[Opening Source material section]

(* For integers $1\le k\le n-1$, \[ l_k(n) = \tfrac12\,|\mathrm{Epi}(P_n,P_{n-k+1})|. \]
   Context: For a positive integer $m$, $P_m$ denotes the path with vertex set $[m]=\{1,\dots,m\}$ in which $i$ and $j$ are adjacent iff $|i-j|=1$; $\mathrm{Hom}(P_n,P_r)$ is the set of maps $f:[n]\to[r]$ with $|f(i)-f(i+1)|=1$ for $1\le i\le n-1$, and $\mathrm{Epi}(P_n,P_r)=\{f\in\mathrm{Hom}(P_n,P_r): f([n])=[r]\}$. An endomorphism of $P_n$ is an element of $\mathrm{Hom}(P_n,P_n)$; it induces the partition of $[n]$ whose blocks are its nonempty fibers. Let $\mathscr C(P_n)$ be the set of partitions of $[n]$ induced by endomorphisms of $P_n$, and for $1\le k\le n-1$ let $l_k(n)=|\{\rho\in\mathscr C(P_n): \rho \text{ has exactly } n-k+1 \text{ blocks}\}|$. *)

theory Defs
  imports Complex_Main "HOL-Library.FuncSet"
begin

text \<open>Homomorphisms P_n -> P_r: maps [n] -> [r] (extensional, undefined outside [n])
  with |f(i) - f(i+1)| = 1 for 1 <= i <= n-1.\<close>
definition Hom :: "nat \<Rightarrow> nat \<Rightarrow> (nat \<Rightarrow> nat) set" where
  "Hom n r = {f \<in> {1..n} \<rightarrow>\<^sub>E {1..r}.
      \<forall>i. 1 \<le> i \<and> i \<le> n - 1 \<longrightarrow> \<bar>int (f i) - int (f (i+1))\<bar> = 1}"

definition Epi :: "nat \<Rightarrow> nat \<Rightarrow> (nat \<Rightarrow> nat) set" where
  "Epi n r = {f \<in> Hom n r. f ` {1..n} = {1..r}}"

definition induced_partition :: "nat \<Rightarrow> (nat \<Rightarrow> nat) \<Rightarrow> nat set set" where
  "induced_partition n f = {{i \<in> {1..n}. f i = j} | j. j \<in> f ` {1..n}}"

definition C_P :: "nat \<Rightarrow> nat set set set" where
  "C_P n = induced_partition n ` Hom n n"

definition l :: "nat \<Rightarrow> nat \<Rightarrow> nat" where
  "l k n = card {\<rho> \<in> C_P n. card \<rho> = n - k + 1}"

end

theory Submission
  imports Defs
begin

(* Every endomorphism f of P_n has an interval {a..b} as image
   (a discrete intermediate value theorem); shifting values by 1 - a turns f
   into an epimorphism onto P_(b-a+1) inducing the same partition.  Hence the
   partitions in C(P_n) with r blocks are exactly the partitions induced by
   epimorphisms P_n -> P_r.  Conversely two epimorphisms g, h onto P_r induce
   the same partition iff h = g or h = r + 1 - g: the value relabelling
   g i |-> h i is a bijection of [r] taking adjacent values to adjacent values
   (every pair a, a+1 occurs along an edge of the path), and the only such
   bijections are the identity and the reversal.  For r >= 2 these two maps
   differ, so each partition has exactly two epimorphisms above it, giving
   |Epi(P_n,P_r)| = 2 l_k(n) with r = n - k + 1.
   Shift and reversal are both handled by one lemma on relabelling the values
   of a homomorphism by a distance-preserving map. *)

section \<open>Induced partitions\<close>

lemma induced_partition_image:
  "induced_partition n f = (\<lambda>j. {i \<in> {1..n}. f i = j}) ` (f ` {1..n})"
  unfolding induced_partition_def by blast

lemma card_induced_partition: "card (induced_partition n f) = card (f ` {1..n})"
proof -
  have "inj_on (\<lambda>j. {i \<in> {1..n}. f i = j}) (f ` {1..n})"
    unfolding inj_on_def by blast
  then show ?thesis by (simp add: induced_partition_image card_image)
qed

lemma induced_partition_eq_iff:
  "induced_partition n f = induced_partition n g \<longleftrightarrow>
   (\<forall>i\<in>{1..n}. \<forall>j\<in>{1..n}. f i = f j \<longleftrightarrow> g i = g j)"
proof -
  have by_point: "induced_partition n f = (\<lambda>i. {x \<in> {1..n}. f x = f i}) ` {1..n}" for f
    unfolding induced_partition_def by blast
  show ?thesis
  proof
    assume eq: "induced_partition n f = induced_partition n g"
    have block: "{x \<in> {1..n}. f x = f i} = {x \<in> {1..n}. g x = g i}" if i: "i \<in> {1..n}" for i
    proof -
      have "{x \<in> {1..n}. f x = f i} \<in> induced_partition n f"
        unfolding by_point using i by blast
      then have "{x \<in> {1..n}. f x = f i} \<in> induced_partition n g" by (simp only: eq)
      then obtain j where j: "{x \<in> {1..n}. f x = f i} = {x \<in> {1..n}. g x = g j}"
        by (auto simp: by_point)
      moreover have "g i = g j" using j[THEN equalityD1, THEN subsetD, of i] i by simp
      ultimately show ?thesis by simp
    qed
    show "\<forall>i\<in>{1..n}. \<forall>j\<in>{1..n}. f i = f j \<longleftrightarrow> g i = g j"
    proof (intro ballI)
      fix i j assume i: "i \<in> {1..n}" and j: "j \<in> {1..n}"
      have "j \<in> {x \<in> {1..n}. f x = f i} \<longleftrightarrow> j \<in> {x \<in> {1..n}. g x = g i}"
        using block[OF i] by simp
      then show "f i = f j \<longleftrightarrow> g i = g j" using j by auto
    qed
  next
    assume "\<forall>i\<in>{1..n}. \<forall>j\<in>{1..n}. f i = f j \<longleftrightarrow> g i = g j"
    then have "\<And>i. i \<in> {1..n} \<Longrightarrow> {x \<in> {1..n}. f x = f i} = {x \<in> {1..n}. g x = g i}"
      by auto
    then show "induced_partition n f = induced_partition n g"
      unfolding by_point by (rule image_cong[OF refl])
  qed
qed

lemma Hom_step: "f \<in> Hom n m \<Longrightarrow> 1 \<le> i \<Longrightarrow> i < n \<Longrightarrow> \<bar>int (f i) - int (f (i+1))\<bar> = 1"
  unfolding Hom_def by auto

lemma Hom_range: "f \<in> Hom n m \<Longrightarrow> i \<in> {1..n} \<Longrightarrow> f i \<in> {1..m}"
  unfolding Hom_def by auto

lemma Hom_extensional: "f \<in> Hom n m \<Longrightarrow> i \<notin> {1..n} \<Longrightarrow> f i = undefined"
  unfolding Hom_def by (auto simp: PiE_def extensional_def)

lemma finite_Epi: "finite (Epi n r)"
proof (rule finite_subset)
  show "Epi n r \<subseteq> {1..n} \<rightarrow>\<^sub>E {1..r}" unfolding Epi_def Hom_def by auto
  show "finite ({1..n} \<rightarrow>\<^sub>E {1..(r::nat)})" by (intro finite_PiE) auto
qed

lemma Hom_relabel:
  assumes f: "f \<in> Hom n m"
    and into: "\<And>x. x \<in> f ` {1..n} \<Longrightarrow> \<phi> x \<in> {1..r}"
    and isometric: "\<And>x y. x \<in> f ` {1..n} \<Longrightarrow> y \<in> f ` {1..n} \<Longrightarrow>
                      \<bar>int (\<phi> x) - int (\<phi> y)\<bar> = \<bar>int x - int y\<bar>"
  shows "restrict (\<phi> \<circ> f) {1..n} \<in> Hom n r"
    and "restrict (\<phi> \<circ> f) {1..n} ` {1..n} = \<phi> ` f ` {1..n}"
    and "induced_partition n (restrict (\<phi> \<circ> f) {1..n}) = induced_partition n f"
proof -
  let ?g = "restrict (\<phi> \<circ> f) {1..n}"
  have "?g \<in> {1..n} \<rightarrow>\<^sub>E {1..r}" using into by auto
  moreover have "\<bar>int (?g i) - int (?g (i+1))\<bar> = 1" if "1 \<le> i" "i \<le> n - 1" for i
    using that isometric[of "f i" "f (i+1)"] Hom_step[OF f, of i] by auto
  ultimately show "?g \<in> Hom n r" unfolding Hom_def by blast
  show "?g ` {1..n} = \<phi> ` f ` {1..n}" by auto
  have "\<phi> (f i) = \<phi> (f j) \<longleftrightarrow> f i = f j" if "i \<in> {1..n}" "j \<in> {1..n}" for i j
    using that isometric[of "f i" "f j"] by auto
  then show "induced_partition n ?g = induced_partition n f"
    unfolding induced_partition_eq_iff by simp
qed

section \<open>The image of a homomorphism is an interval\<close>

lemma Hom_intermediate_value:
  assumes f: "f \<in> Hom n m" and "1 \<le> i" "i \<le> j" "j \<le> n"
    and "min (f i) (f j) \<le> v" "v \<le> max (f i) (f j)"
  shows "\<exists>t\<in>{i..j}. f t = v"
  using assms(3-)
proof (induction j rule: dec_induct)
  case base
  then show ?case by auto
next
  case (step j)
  have unit: "\<bar>int (f j) - int (f (j+1))\<bar> = 1" using Hom_step[OF f, of j] step assms(2) by simp
  show ?case
  proof (cases "min (f i) (f j) \<le> v \<and> v \<le> max (f i) (f j)")
    case True
    with step obtain t where "t \<in> {i..j}" "f t = v" by auto
    then show ?thesis by (intro bexI[of _ t]) auto
  next
    case False
    then have "v = f (Suc j)" using step.prems unit by (simp add: min_def max_def split: if_splits)
    then show ?thesis using step by (intro bexI[of _ "Suc j"]) auto
  qed
qed

lemma Hom_image_interval:
  assumes f: "f \<in> Hom n m" and n: "n \<ge> 1"
  shows "f ` {1..n} = {Min (f ` {1..n})..Max (f ` {1..n})}"
proof
  show "f ` {1..n} \<subseteq> {Min (f ` {1..n})..Max (f ` {1..n})}" by auto
  show "{Min (f ` {1..n})..Max (f ` {1..n})} \<subseteq> f ` {1..n}"
  proof
    fix v assume v: "v \<in> {Min (f ` {1..n})..Max (f ` {1..n})}"
    have ne: "f ` {1..n} \<noteq> {}" using n by auto
    obtain p where p: "p \<in> {1..n}" "f p = Min (f ` {1..n})" using Min_in[OF _ ne] by auto
    obtain q where q: "q \<in> {1..n}" "f q = Max (f ` {1..n})" using Max_in[OF _ ne] by auto
    have "f p \<le> f q" using p q v by simp
    then have "min (f (min p q)) (f (max p q)) = f p" "max (f (min p q)) (f (max p q)) = f q"
      by (cases "p \<le> q"; simp add: min.absorb1 min.absorb2 max.absorb1 max.absorb2)+
    moreover have "1 \<le> min p q" "min p q \<le> max p q" "max p q \<le> n" using p q by auto
    ultimately obtain t where t: "t \<in> {min p q..max p q}" "f t = v"
      using Hom_intermediate_value[OF f, of "min p q" "max p q" v] p q v by auto
    then have "t \<in> {1..n}" using p(1) q(1) by (auto simp: min_def max_def split: if_splits)
    then show "v \<in> f ` {1..n}" using t(2) by blast
  qed
qed

lemma Hom_normalise:
  assumes f: "f \<in> Hom n m" and n: "n \<ge> 1"
  shows "\<exists>g \<in> Epi n (card (f ` {1..n})). induced_partition n g = induced_partition n f"
proof -
  define a where "a = Min (f ` {1..n})"
  define b where "b = Max (f ` {1..n})"
  have image: "f ` {1..n} = {a..b}" using Hom_image_interval[OF f n] by (simp add: a_def b_def)
  let ?\<phi> = "\<lambda>x. x + 1 - a" and ?r = "b + 1 - a"
  have into: "?\<phi> x \<in> {1..?r}" if "x \<in> f ` {1..n}" for x using that image by auto
  have isometric: "\<bar>int (?\<phi> x) - int (?\<phi> y)\<bar> = \<bar>int x - int y\<bar>"
    if "x \<in> f ` {1..n}" "y \<in> f ` {1..n}" for x y using that image by auto
  have "?\<phi> ` {a..b} = {1..?r}"
  proof
    show "{1..?r} \<subseteq> ?\<phi> ` {a..b}"
    proof
      fix y assume "y \<in> {1..?r}"
      then have "y + a - 1 \<in> {a..b}" "y = ?\<phi> (y + a - 1)" by auto
      then show "y \<in> ?\<phi> ` {a..b}" by blast
    qed
  qed auto
  then have "restrict (?\<phi> \<circ> f) {1..n} \<in> Epi n ?r"
    using Hom_relabel(1,2)[OF f into isometric] image unfolding Epi_def by auto
  moreover have "card (f ` {1..n}) = ?r" using image by simp
  ultimately show ?thesis using Hom_relabel(3)[OF f into isometric] by auto
qed

lemma Epi_in_Hom: "g \<in> Epi n r \<Longrightarrow> r \<le> n \<Longrightarrow> g \<in> Hom n n"
  unfolding Epi_def Hom_def by (auto simp: PiE_iff)

lemma partitions_with_r_blocks:
  assumes "r \<le> n" "1 \<le> r"
  shows "{\<rho> \<in> C_P n. card \<rho> = r} = induced_partition n ` Epi n r"
proof
  show "{\<rho> \<in> C_P n. card \<rho> = r} \<subseteq> induced_partition n ` Epi n r"
  proof
    fix \<rho> assume "\<rho> \<in> {\<rho> \<in> C_P n. card \<rho> = r}"
    then obtain f where f: "f \<in> Hom n n" "\<rho> = induced_partition n f" "card (f ` {1..n}) = r"
      unfolding C_P_def by (auto simp: card_induced_partition)
    moreover have "n \<ge> 1" using assms by simp
    ultimately show "\<rho> \<in> induced_partition n ` Epi n r"
      using Hom_normalise[OF f(1)] by (metis image_eqI)
  qed
  show "induced_partition n ` Epi n r \<subseteq> {\<rho> \<in> C_P n. card \<rho> = r}"
    using assms Epi_in_Hom unfolding C_P_def by (auto simp: card_induced_partition Epi_def)
qed

section \<open>Epimorphisms with the same partition\<close>

lemma path_invariant:
  fixes Q :: "nat \<Rightarrow> bool" and n :: nat
  assumes "\<forall>i. 1 \<le> i \<and> i < n \<longrightarrow> (Q i \<longleftrightarrow> Q (i+1))"
  shows "i \<in> {1..n} \<Longrightarrow> Q i \<longleftrightarrow> Q 1"
proof (induction i)
  case (Suc i)
  then show ?case using assms by (cases "i = 0") auto
qed simp

lemma Epi_covers_edge:
  assumes g: "g \<in> Epi n r" and a: "1 \<le> a" "a < r"
  shows "\<exists>i. 1 \<le> i \<and> i < n \<and> {g i, g (i+1)} = {a, a+1}"
proof (rule ccontr)
  assume no_edge: "\<not> ?thesis"
  have gh: "g \<in> Hom n r" and im: "g ` {1..n} = {1..r}" using g unfolding Epi_def by auto
  have "\<forall>i. 1 \<le> i \<and> i < n \<longrightarrow> (g i \<le> a \<longleftrightarrow> g (i+1) \<le> a)"
  proof (intro allI impI)
    fix i assume i: "1 \<le> i \<and> i < n"
    have "\<bar>int (g i) - int (g (i+1))\<bar> = 1" using Hom_step[OF gh] i by auto
    moreover have "{g i, g (i+1)} \<noteq> {a, a+1}" using no_edge i by blast
    ultimately show "g i \<le> a \<longleftrightarrow> g (i+1) \<le> a" by (auto simp: doubleton_eq_iff)
  qed
  note below = path_invariant[of n "\<lambda>i. g i \<le> a", OF this]
  obtain p where "p \<in> {1..n}" "g p = a" using im a by (metis atLeastAtMost_iff imageE less_imp_le)
  moreover obtain q where "q \<in> {1..n}" "g q = a + 1" using im a
    by (metis Suc_eq_plus1 Suc_leI atLeastAtMost_iff imageE le_add2 le_trans)
  ultimately show False using below[of p] below[of q] by simp
qed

[Closing Source material section]

• _What to produce_: Every line holding the string "relabelling" should be copied here, so please find those lines in the data.

• _Exercise result_:
   the same partition iff h = g or h = r + 1 - g: the value relabelling
   Shift and reversal are both handled by one lemma on relabelling the values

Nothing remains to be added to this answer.